Italian fried selection of meat or fish and vegetables

Fritto misto (lit. 'mixed fry') is a mainly savoury dish popular in the cooking of various regions of Italy; a range of ingredients – meat, fish and vegetables – may be used: the ingredients are cut into small strips and deep-fried in oil. Each region varies the ingredients for its local version. Fritto misto may be served as an appetiser (antipasto) or as a one-plate buffet dish. In some places and at some times it has been cooked and served as street food. In many variants of the dish some sweet elements, such as fried apples or amaretti di Saronno biscuits, are included along with the meat, fish and vegetables.

==History==

Fritto misto stall, Rome, 1816

Fritto misto has been familiar in Italy for many years. An engraving made in 1803 shows fritto misto being handed to a family group, and another, from 1816, shows an outdoor wood-burning stove, heating a cauldron of oil in which the fryer cooks his pieces of battered meat or fish while his assistant wraps a helping into a cone of paper for a customer. The dish was known to non-Italians by the mid-19th century: it is mentioned in Sand and Canvas (London, 1849) in a chapter reporting on eating out in Rome:

The Parisian chefs Urbain Dubois and Émile Bernard included a detailed recipe for fritto-misto à l'italienne in their La Cuisine classique (1872), commenting, "The fritto-misto is a national delicacy of Italy; the Romans especially prepare it with the greatest care, because it is very important to them." Like many other chefs and food writers, they emphasise the importance of eating the dish as soon as it is cooked: "The essential point is that the fry is served very hot, because as it cools it softens and thus loses all its qualities." (Note: Le point essentiel es que la friture soit servie bien chaude, car en refroidissant elle se ramollit et perd par ce fait toutes ses qualités.) A New York article on "Christmas in Rome" at the end of the century referred to "fritto misto, a dish of brains, liver, potatoes and various vegetables, all fried that rich golden color which seems to be only obtainable in a foreign frying-pan".
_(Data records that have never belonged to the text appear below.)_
(* Let $\mathcal H$ be a real Hilbert space, $t_0>0$, let $f:\mathcal H\to\mathbb R$ be convex and $\mathcal C^1$ with $L$-Lipschitz continuous gradient and with a minimizer $x^\star$; set $\bar f=\inf_{\mathcal H}f$. Let $\alpha>3$, $\gamma>0$, $\beta\ge0$, set $\beta(t)=\gamma+\beta/t$, let $b\in]0,\alpha-1]$ and $$a(t)=t^2\left(1+\frac{(\alpha-b)\gamma t-\beta(\alpha+1-b)}{t^2-\alpha\gamma t-\beta(\alpha+1)}\right),\qquad m(t)=\max\big(t,\,L|a(t)\beta(t)|,\,L|a(t)|\beta(t)^2\big).$$ Let $e\in\mathcal C([t_0,+\infty[;\mathcal H)$ with $m(\cdot)e(\cdot)\in L^1(t_0,+\infty;\mathcal H)$, and let $x$ be a solution of $$\ddot x(t)+\frac\alpha t\dot x(t)+\nabla f\big(x(t)+\beta(t)\dot x(t)\big)+e(t)=0.$$ Define $$E(t)=a(t)\big(f(x(t)+\beta(t)\dot x(t))-\bar f\big)+\tfrac12\|b(x(t)-x^\star)+t\dot x(t)\|^2+\tfrac{b(\alpha-1-b)}{2}\|x(t)-x^\star\|^2.$$ Then $\sup_{t\ge t_0}E(t)<+\infty$, $\sup_{t\ge t_0}t\|\dot x(t)\|<+\infty$ and $\sup_{t\ge t_0}\|x(t)-x^\star\|<+\infty$. *)

theory Defs
  imports "HOL-Analysis.Analysis"
begin

definition betaf :: "real \<Rightarrow> real \<Rightarrow> real \<Rightarrow> real" where
  "betaf \<gamma> \<beta> t = \<gamma> + \<beta> / t"

definition acoef :: "real \<Rightarrow> real \<Rightarrow> real \<Rightarrow> real \<Rightarrow> real \<Rightarrow> real" where
  "acoef \<alpha> \<gamma> \<beta> b t =
     t\<^sup>2 * (1 + ((\<alpha> - b) * \<gamma> * t - \<beta> * (\<alpha> + 1 - b)) / (t\<^sup>2 - \<alpha> * \<gamma> * t - \<beta> * (\<alpha> + 1)))"

definition mfun :: "real \<Rightarrow> real \<Rightarrow> real \<Rightarrow> real \<Rightarrow> real \<Rightarrow> real \<Rightarrow> real" where
  "mfun L \<alpha> \<gamma> \<beta> b t =
     max t (max (L * \<bar>acoef \<alpha> \<gamma> \<beta> b t * betaf \<gamma> \<beta> t\<bar>)
                (L * \<bar>acoef \<alpha> \<gamma> \<beta> b t\<bar> * (betaf \<gamma> \<beta> t)\<^sup>2))"

end

theory Submission
  imports Defs
begin

text \<open>
  For large t we use an energy of the same shape as E with b = 2, but with the coefficient of
  f(y) - min f, where y = x + beta(t) x', replaced by
  t^2 (t^2 - 2 gamma t - 2 beta) / (t^2 - alpha gamma t - (alpha + 1) beta).
  This coefficient is chosen so that all terms in <grad f(y), x'> cancel in the derivative of the
  energy along the dynamics. Convexity then yields
  E' <= (K / t^2) E + C (t + L t^2) |e| (1 + E), and since t + L t^2 is dominated by m(t),
  for which m e is integrable, Gronwall's lemma bounds E. This energy controls
  t^2 (f(y) - min f), |x - x*| and t |x'|, which together with a(t) <= 2 t^2 bound the energy
  of the statement for every b; on the compact initial interval continuity suffices.
\<close>

lemma convex_on_gradient_inequality:
  fixes f :: "'a::real_inner \<Rightarrow> real"
  assumes cf: "convex_on UNIV f" and df: "(f has_derivative (\<lambda>h. G \<bullet> h)) (at y)"
  shows "f y + G \<bullet> (w - y) \<le> f w"
proof -
  define d where "d = w - y"
  let ?g = "\<lambda>s::real. f (y + s *\<^sub>R d)"
  have cg: "convex_on UNIV ?g"
  proof (rule convex_onI)
    fix t a b :: real assume t: "0 < t" "t < 1"
    have "y + ((1 - t) *\<^sub>R a + t *\<^sub>R b) *\<^sub>R d = (1 - t) *\<^sub>R (y + a *\<^sub>R d) + t *\<^sub>R (y + b *\<^sub>R d)"
      by (simp add: algebra_simps)
    then show "?g ((1 - t) *\<^sub>R a + t *\<^sub>R b) \<le> (1 - t) * ?g a + t * ?g b"
      using convex_onD[OF cf, of t "y + a *\<^sub>R d" "y + b *\<^sub>R d"] t by simp
  qed simp
  have "(?g has_field_derivative (G \<bullet> d)) (at 0)"
  proof -
    have "((\<lambda>s. y + s *\<^sub>R d) has_derivative (\<lambda>h. h *\<^sub>R d)) (at 0)"
      by (auto intro!: derivative_eq_intros)
    moreover have "(f has_derivative (\<lambda>h. G \<bullet> h)) (at (y + 0 *\<^sub>R d))" using df by simp
    ultimately have "(?g has_derivative (\<lambda>h. G \<bullet> (h *\<^sub>R d))) (at 0)"
      by (rule diff_chain_at[unfolded o_def])
    then show ?thesis unfolding has_field_derivative_def
      by (rule has_derivative_eq_rhs) (auto simp: fun_eq_iff)
  qed
  from convex_on_imp_above_tangent[OF cg _ _ _ this, of 1]
  have "G \<bullet> d \<le> ?g 1 - ?g 0" by simp
  then show ?thesis by (simp add: d_def)
qed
The frugal Roman street version of fritto misto was often made of offal (brains, sweetbreads, liver) and vegetables, all battered and deep-fried. More upmarket fritto misto was, and is, found in Bologna, typically containing prime cuts such as strips of lamb and chicken along with the offal and vegetables. In coastal areas a fritto misto di pesce (lit. 'mixed fry of fish') is familiar. The main ingredients may include baby octopus, calamari rings, cod, sardines, shrimps and whitebait. Fritto misto di pesce, is often named after the area from which it comes, such as fritto misto ligure or fritto misto della laguna. Elsewhere in Italy fritto misto di verdure (with vegetables) is popular, and may include artichoke hearts and wild mushrooms. A sweet element may be introduced to the mixed savoury ingredients, such as amaretti di Saronno biscuits or deep-fried fruit.

==Regional variants==

|  | English translation | Main ingredients | Ref |
|---|---|---|---|
| Fritto misto alla bolognese | Bologna-style | Strips of lamb cutlets and chicken, sweetbreads, mortadella, cubes of cheese, strips of artichokes, aubergines, cauliflower, courgettes and courgette flowers, fennel, mushrooms, potatoes and tomatoes, with some sweet ingredients including apple fritters |  |
| Fritto misto alla emiliana | Emilia-style | Lamb testicles, brains, lamb chops or chicken breasts, liver, artichokes, Brussels sprouts, courgettes, cauliflower and tomatoes |  |
| Fritto misto alla fiorentina | Florence-style | Brains, liver, kidneys, sweetbreads, testicles, veal, artichokes, cauliflower, courgettes, potato and mozzarella |  |
| Fritto misto alla milanese | Milan-style | Veal escalopes, calf's liver, brains, cockscombs, cauliflower, artichokes and courgettes |  |
| Fritto misto alla marchigiana | Marche-style | Stuffed olives, brains, artichoke hearts, courgettes and minced veal |  |
| Fritto misto alla napoletana | Naples-style | Testicles, brains, potato, courgettes and courgette flowers, mozzarella and sliced boiled eggs |  |
| Fritto misto alla piemontese | Piedmont-style | Calf's liver, kidneys, brains, sweetbreads, lamb chops, chicken breast, beef fillet, artichokes, aubergines, cardoon and apples |  |
| Fritto misto alla romana | Rome-style | Lamb chops, testicles, brains, artichokes, cauliflower and courgettes |  |

Most of these dishes are served with the addition of a small variety of sweet ingredients, such as amaretti di Saronno biscuits or deep-fried fruit. A fritto misto di verdure, with no specific regional origin, may contain artichoke hearts, carrots, cauliflower, courgette flowers, mushrooms, peppers and potatoes.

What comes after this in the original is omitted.